The papers in this second section roused in me concerns that some forms of computer mediated learning for information literacies can act to encourage surface‐learning, something unaddressed directly by any of the authors. For example, Kay Moore reporting on the very interesting and flexible approach taken by the InfoQuest online information skills package at Sheffield Hallam University, a combination of information skills materials and self assessment, reports that “students often skip the text part of the unit and head straight to the activities” (p. 83). The proposed solution to “review the level of activities in relation to text,” (p. 83) circumnavigates a core question about the resource demonstrably encouraging surface learning, with students striving simply to get through the units with the least possible effort. The implication here that less text and more activity will encourage greater involvement in the material seems to me to be the wrong way around – encouraging students to see the learning materials and not the self‐assessment as the point of using the resource would seem a more effective solution, and this may require downplaying the self‐assessment element. More work needs to be done here, but I am in no doubt that the modular approach taken by InfoQuest does offer a valuable model for others to emulate.

These first two parts of the collection are perhaps the most coherent and forceful. Two papers stand out from the other three, which are Oluwatoyin O. Kolowole's on library use by Nigerian professionals and Marie Botha's on information provision in continental Africa and the establishment of the African Digital Library. Both tackle an important issue head‐on, and seek to investigate ways of addressing the digital divide, on the wrong side of which Africa invariably finds itself. Not wishing to contribute to the abundance of well‐meaning sentiment on this topic, I can only point readers to the papers themselves.

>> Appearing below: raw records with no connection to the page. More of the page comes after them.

(* Let $f(z)=z+\sum_{n=2}^\infty a_nz^n\in\mathcal{S}^*_{car}$ and let $f_2(z)=z+a_2z^2$ be its second partial sum. Then $f_2$ is starlike in $|z|<1/2$ and convex in $|z|<1/4$, and $f_2(\rho z)/\rho\in\mathcal{S}^*_{car}$ for $0<\rho\le1/3$. All three constants $1/2$, $1/4$, $1/3$ are sharp (they cannot be replaced by larger numbers).
   Context: $\mathbb{D}=\{z:|z|<1\}$; $\mathcal{A}$ is the class of analytic $f$ on $\mathbb{D}$ with $f(0)=0$, $f'(0)=1$. $F\prec G$ means $F=G\circ w$ for an analytic $w:\mathbb{D}\to\mathbb{D}$ with $w(0)=0$. $\mathcal{S}^*_{car}$ is the class of $f\in\mathcal{A}$ with $zf'(z)/f(z)\prec 1+z+z^2/2$ in $\mathbb{D}$. A function is starlike (resp. convex) in $|z|<r$ if it maps that disk univalently onto a domain starlike with respect to $0$ (resp. convex). *)

theory Defs
  imports "HOL-Analysis.Analysis"
begin

definition unit_disc :: "complex set" where
  "unit_disc = ball 0 1"

definition classA :: "(complex \<Rightarrow> complex) \<Rightarrow> bool" where
  "classA f \<longleftrightarrow> f holomorphic_on unit_disc \<and> f 0 = 0 \<and> deriv f 0 = 1"

definition subordinate :: "(complex \<Rightarrow> complex) \<Rightarrow> (complex \<Rightarrow> complex) \<Rightarrow> bool" where
  "subordinate F G \<longleftrightarrow>
     (\<exists>w. w holomorphic_on unit_disc \<and> w ` unit_disc \<subseteq> unit_disc \<and> w 0 = 0 \<and>
          (\<forall>z\<in>unit_disc. F z = G (w z)))"

text \<open>The quotient z f'(z)/f(z), with its removable singularity at 0 filled by the value 1.\<close>
definition starquot :: "(complex \<Rightarrow> complex) \<Rightarrow> complex \<Rightarrow> complex" where
  "starquot f z = (if z = 0 then 1 else z * deriv f z / f z)"

definition cardioid_fun :: "complex \<Rightarrow> complex" where
  "cardioid_fun z = 1 + z + z^2 / 2"

definition S_car :: "(complex \<Rightarrow> complex) \<Rightarrow> bool" where
  "S_car f \<longleftrightarrow> classA f \<and> subordinate (starquot f) cardioid_fun"

definition coeff2 :: "(complex \<Rightarrow> complex) \<Rightarrow> complex" where
  "coeff2 f = deriv (deriv f) 0 / 2"

definition partial2 :: "(complex \<Rightarrow> complex) \<Rightarrow> complex \<Rightarrow> complex" where
  "partial2 f z = z + coeff2 f * z^2"

definition starlike_in :: "(complex \<Rightarrow> complex) \<Rightarrow> real \<Rightarrow> bool" where
  "starlike_in g r \<longleftrightarrow> g holomorphic_on ball 0 r \<and> inj_on g (ball 0 r) \<and>
     0 \<in> g ` ball 0 r \<and> (\<forall>x\<in>g ` ball 0 r. closed_segment 0 x \<subseteq> g ` ball 0 r)"

definition convex_in :: "(complex \<Rightarrow> complex) \<Rightarrow> real \<Rightarrow> bool" where
  "convex_in g r \<longleftrightarrow> g holomorphic_on ball 0 r \<and> inj_on g (ball 0 r) \<and> convex (g ` ball 0 r)"

end

(* Writing z f'/f = 1 + w + w^2/2 with a Schwarz function w and comparing second
   derivatives at 0 gives a_2 = w'(0), so |a_2| <= 1 by Schwarz's lemma; the function
   z exp(z + z^2/4), for which w is the identity, has a_2 = 1.

   Completing the square, 4b(z + b z^2) = (1 + 2bz)^2 - 1, so z + b z^2 maps |z| < r onto
   an affine image of the set of squares of the disc |p - 1| < 2|b|r.  These squares form
   a set that is starlike with respect to 1 when 2|b|r <= 1 and convex when 2|b|r <= 1/2,
   which gives the radii 1/2 and 1/4 for |b| <= 1.  For z + b z^2 the quotient z f'/f is
   (1 + 2bz)/(1 + bz) = 1 + w + w^2/2 with w = sqrt((1 + 3bz)/(1 + bz)) - 1, and w maps
   the unit disc into itself when |b| <= 1/3.

   Sharpness comes from the partial sum z + z^2 of the extremal function: it takes equal
   values at -1/2 +- e, and its image of |z| < r for 1/4 < r <= 1/2 contains the images of
   -1/4 +- iy but not their midpoint, a real number below every real value it takes there.
   For rho > 1/3 the quotient z f'/f of z + rho z^2 equals 1/2 at z = -1/(3 rho), and
   1 + w + w^2/2 = 1/2 only for w = -1. *)

theory Submission
  imports Defs "HOL-Complex_Analysis.Conformal_Mappings"
begin

lemma Re_csqrt_power2: "Re (csqrt w) ^ 2 = (cmod w + Re w) / 2"
proof -
  have "0 \<le> cmod w + Re w" using abs_Re_le_cmod[of w] by linarith
  then show ?thesis by simp
qed

lemma Re_pos_if_norm_sub_one_lt: "cmod (p - 1) < 1 \<Longrightarrow> 0 < Re p"
  using abs_Re_le_cmod[of "p - 1"] by simp

lemma Re_csqrt_segment_ge:
  assumes t: "0 \<le> t" "t \<le> 1"
  shows "t * Re p \<le> Re (csqrt (1 - of_real t + of_real t * p^2))"
proof -
  define W where "W = 1 - of_real t + of_real t * p^2"
  define x y where "x = Re p" and "y = Im p"
  have ReW: "Re W = 1 - t + t * (x^2 - y^2)" and ImW: "Im W = 2 * t * x * y"
    by (simp_all add: W_def x_def y_def Re_power2 Im_power2)
  have normW: "(cmod W)^2 = (Re W)^2 + (Im W)^2" by (simp add: cmod_power2)
  have "0 \<le> (1 - t) * (1 + y^2) + t * (1 - t) * x^2"
    using t by (intro add_nonneg_nonneg mult_nonneg_nonneg) auto
  also have "\<dots> = y^2 + Re W - (t * x)^2"
    by (simp add: ReW power2_eq_square algebra_simps)
  finally have "0 \<le> 4 * (t * x)^2 * (y^2 + Re W - (t * x)^2)" by (intro mult_nonneg_nonneg) simp_all
  also have "\<dots> = (cmod W)^2 - (2 * (t * x)^2 - Re W)^2"
    by (simp only: normW) (simp add: ImW power2_eq_square algebra_simps)
  finally have "(2 * (t * x)^2 - Re W)^2 \<le> (cmod W)^2" by linarith
  then have "2 * (t * x)^2 - Re W \<le> cmod W" by (rule power2_le_imp_le) simp
  then have "(t * x)^2 \<le> Re (csqrt W) ^ 2"
    by (simp only: Re_csqrt_power2) (simp add: field_simps)
  then have "t * x \<le> Re (csqrt W)" using Re_csqrt[of W] by (rule power2_le_imp_le)
  then show ?thesis by (simp only: W_def x_def)
qed

(* (s - 1)(s + 1) = t (p - 1)(p + 1): were s farther from 1 than p, it would satisfy
   |s + 1| < t |p + 1|, which is incompatible with Re s >= t Re p. *)
lemma norm_csqrt_segment_sub_one_le:
  assumes t: "0 \<le> t" "t \<le> 1" and p: "0 < Re p"
  shows "cmod (csqrt (1 - of_real t + of_real t * p^2) - 1) \<le> cmod (p - 1)"
proof (rule ccontr)
  define s where "s = csqrt (1 - of_real t + of_real t * p^2)"
  assume "\<not> ?thesis"
  then have far: "cmod (p - 1) < cmod (s - 1)" by (simp add: s_def)
  have "t \<noteq> 0" using far by (auto simp: s_def)
  with t have t0: "0 < t" by simp
  have "(s - 1) * (s + 1) = of_real t * ((p - 1) * (p + 1))"
    by (simp add: s_def algebra_simps flip: power2_eq_square)
  then have prod: "cmod (s - 1) * cmod (s + 1) = t * (cmod (p - 1) * cmod (p + 1))"
    using t0 by (metis norm_mult norm_of_real abs_of_pos)
  have "0 < cmod (p + 1)" using p by (auto simp: complex_eq_iff)
  then have "t * (cmod (p - 1) * cmod (p + 1)) < t * (cmod (s - 1) * cmod (p + 1))"
    using far t0 by simp
  then have "cmod (s - 1) * cmod (s + 1) < cmod (s - 1) * (t * cmod (p + 1))"
    by (simp only: prod) (simp add: algebra_simps)
  then have "cmod (s + 1) < t * cmod (p + 1)" by (simp add: mult_less_cancel_left)
  then have "cmod (s + 1)^2 < t^2 * cmod (p + 1)^2"
    by (simp add: power_strict_mono flip: power_mult_distrib)
  moreover have "t^2 * cmod (p - 1)^2 < t^2 * cmod (s - 1)^2" using far t0 by (simp add: power_strict_mono)
  ultimately have "cmod (s + 1)^2 - t^2 * cmod (s - 1)^2 < t^2 * (cmod (p + 1)^2 - cmod (p - 1)^2)"
    by (simp add: right_diff_distrib)
  also have "cmod (p + 1)^2 - cmod (p - 1)^2 = 4 * Re p"
    by (simp only: cmod_power2) (simp add: power2_eq_square algebra_simps)
  finally have lt: "cmod (s + 1)^2 - t^2 * cmod (s - 1)^2 < t^2 * (4 * Re p)" .
  have "cmod (s + 1)^2 - t^2 * cmod (s - 1)^2
          = (1 - t^2) * (cmod s ^ 2 + 1) + 2 * (1 + t^2) * Re s"
    by (simp only: cmod_power2) (simp add: power2_eq_square algebra_simps)
  moreover have "0 \<le> (1 - t^2) * (cmod s ^ 2 + 1)" using t by (simp add: power_le_one)
  moreover have "t * Re p \<le> Re s" unfolding s_def by (rule Re_csqrt_segment_ge[OF t])
  then have "2 * (1 + t^2) * (t * Re p) \<le> 2 * (1 + t^2) * Re s" by (intro mult_left_mono) simp_all
  ultimately have "2 * (1 + t^2) * (t * Re p) < t^2 * (4 * Re p)" using lt by linarith
  moreover have "2 * (1 + t^2) * (t * Re p) - t^2 * (4 * Re p) = 2 * t * Re p * (1 - t)^2"
    by (simp add: power2_eq_square algebra_simps)
  moreover have "0 \<le> 2 * t * Re p * (1 - t)^2" using t p by simp
  ultimately show False by linarith
qed

lemma norm_sub_one_le_iff_square:
  assumes "0 \<le> \<rho>" "\<rho> \<le> 1" "0 \<le> Re p"
  shows "cmod (p - 1) \<le> \<rho> \<longleftrightarrow>
           cmod (p^2) ^ 2 - 2 * \<rho>^2 * cmod (p^2) + (1 - \<rho>^2)^2 \<le> 2 * Re (p^2)"
proof -
  define x y n where "x = Re p" and "y = Im p" and "n = x^2 + y^2"
  have n: "cmod (p^2) = n" by (simp add: norm_power cmod_power2 n_def x_def y_def)
  have "\<rho>^2 \<le> 1" using assms by (simp add: power_le_one)
  then have n_nonneg: "0 \<le> n + (1 - \<rho>^2)" by (simp add: n_def)
  have "cmod (p - 1) \<le> \<rho> \<longleftrightarrow> cmod (p - 1) ^ 2 \<le> \<rho>^2"
    using power2_le_iff_abs_le[OF assms(1), of "cmod (p - 1)"] by simp
  also have "\<dots> \<longleftrightarrow> (x - 1)^2 + y^2 \<le> \<rho>^2"
    by (simp add: cmod_power2 x_def y_def)
  also have "\<dots> \<longleftrightarrow> n + (1 - \<rho>^2) \<le> 2 * x"
    by (simp add: n_def power2_eq_square algebra_simps)
  also have "\<dots> \<longleftrightarrow> (n + (1 - \<rho>^2))^2 \<le> (2 * x)^2"
    using power2_le_iff_abs_le[of "2 * x" "n + (1 - \<rho>^2)"] assms(3) n_nonneg by (simp add: x_def)
  also have "\<dots> \<longleftrightarrow> n^2 - 2 * \<rho>^2 * n + (1 - \<rho>^2)^2 \<le> 2 * Re (p^2)"
    by (simp add: Re_power2 n_def x_def y_def power2_eq_square algebra_simps)
  finally show ?thesis by (simp add: n)
qed

(* The condition of norm_sub_one_le_iff_square is convex in (|W|, Re W) and increasing in
   |W| for |W| >= rho^2; rho <= 1/2 keeps convex combinations of squares in that range. *)
lemma norm_csqrt_convex_comb_sub_one_le:
  assumes \<rho>: "0 \<le> \<rho>" "\<rho> \<le> 1/2" and p1: "cmod (p1 - 1) \<le> \<rho>" and p2: "cmod (p2 - 1) \<le> \<rho>"
    and t: "0 \<le> t" "t \<le> 1"
  shows "cmod (csqrt ((1 - of_real t) * p1^2 + of_real t * p2^2) - 1) \<le> \<rho>"
proof -
  define g where "g r = r^2 - 2 * \<rho>^2 * r" for r :: real
  define \<kappa> where "\<kappa> = (1 - \<rho>^2)^2"
  define W where "W = (1 - of_real t) * p1^2 + of_real t * p2^2"
  define r1 r2 where "r1 = cmod (p1^2)" and "r2 = cmod (p2^2)"
  define R where "R = (1 - t) * r1 + t * r2"
  have disc: "g (cmod (p^2)) + \<kappa> \<le> 2 * Re (p^2) \<and> \<rho>^2 \<le> cmod (p^2)" if "cmod (p - 1) \<le> \<rho>" for p
  proof
    have "0 \<le> Re p" using that \<rho> Re_pos_if_norm_sub_one_lt[of p] by linarith
    then show "g (cmod (p^2)) + \<kappa> \<le> 2 * Re (p^2)"
      using norm_sub_one_le_iff_square[of \<rho> p] that \<rho> by (simp add: g_def \<kappa>_def)
    have "1 - cmod (1 - p) \<le> cmod p" using norm_triangle_ineq2[of 1 "1 - p"] by simp
    then have "\<rho> \<le> cmod p" using that \<rho> by (simp add: norm_minus_commute)
    then show "\<rho>^2 \<le> cmod (p^2)" using \<rho> by (simp add: norm_power power_mono)
  qed
  have "cmod W \<le> cmod ((1 - of_real t) * p1^2) + cmod (of_real t * p2^2)"
    unfolding W_def by (rule norm_triangle_ineq)
  also have "\<dots> = R"
  proof -
    have "1 - complex_of_real t = of_real (1 - t)" by simp
    then have "cmod (1 - complex_of_real t) = 1 - t" using t by (simp only: norm_of_real)
    then show ?thesis using t by (simp add: R_def r1_def r2_def norm_mult)
  qed
  finally have W_le: "cmod W \<le> R" .
  have "g R \<le> (1 - t) * g r1 + t * g r2"
  proof -
    have "(1 - t) * g r1 + t * g r2 - g R = t * (1 - t) * (r1 - r2)^2"
      by (simp add: g_def R_def power2_eq_square algebra_simps)
    moreover have "0 \<le> t * (1 - t) * (r1 - r2)^2" using t by simp
    ultimately show ?thesis by linarith
  qed
  also have "\<dots> \<le> (1 - t) * (2 * Re (p1^2) - \<kappa>) + t * (2 * Re (p2^2) - \<kappa>)"
    using disc[OF p1] disc[OF p2] t unfolding r1_def r2_def
    by (intro add_mono mult_left_mono) auto
  also have "\<dots> = 2 * Re W - \<kappa>" by (simp add: W_def algebra_simps)
  finally have gR: "g R + \<kappa> \<le> 2 * Re W" by simp
  have W_ge: "\<rho>^2 \<le> cmod W"
  proof (rule ccontr)
    assume "\<not> ?thesis"
    then have "Re W < \<rho>^2" using complex_Re_le_cmod[of W] by linarith
    moreover have "g R + (\<rho>^2)^2 = (R - \<rho>^2)^2" by (simp add: g_def power2_eq_square algebra_simps)
    moreover have "\<kappa> = 1 - 2 * \<rho>^2 + (\<rho>^2)^2" by (simp add: \<kappa>_def power2_eq_square algebra_simps)
    moreover have "4 * \<rho>^2 \<le> 1"
      using \<rho> power_mono[of \<rho> "1/2" 2] by (simp add: power_divide)
    ultimately show False using gR zero_le_power2[of "R - \<rho>^2"] by linarith
  qed
  have "g R - g (cmod W) = (R - cmod W) * (R + cmod W - 2 * \<rho>^2)"
    by (simp add: g_def power2_eq_square algebra_simps)
  also have "\<dots> \<ge> 0" using W_le W_ge by simp
  finally have "g (cmod (csqrt W ^ 2)) + \<kappa> \<le> 2 * Re (csqrt W ^ 2)" using gR by simp
  then show ?thesis
    using norm_sub_one_le_iff_square[of \<rho> "csqrt W"] \<rho> Re_csqrt[of W]
    by (simp add: g_def \<kappa>_def W_def)
qed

After reading through this work I was left not only with acronym fatigue, but also with the impression that countless digital information initiatives have sprung up in isolation around the world with little communication or commonality between them. Doubtless this impression derives in part from the nature of such a collection, and also in part from reading straight through it, as opposed to dipping in and out. However, I began to long for key reference points within this seeming forest of practice. Perhaps this collection, and the conference that informed it, can help in the process of locating and highlighting those reference points, the common assumptions about best practice, and the theory that underlies them – but we are not there yet.

For all that, this remains a strong collection, from which practitioners, academics, and students alike will gain much, most particularly in relation to the academic library sector. However fragmented the collection remains, there is much here that is very interesting indeed, even if hidden amid much that is less so.

References

Tredinnick, L. (2004), “The digital age and the changing profession”, Library and Information Update, Vol. 3 No. 10, p. 30.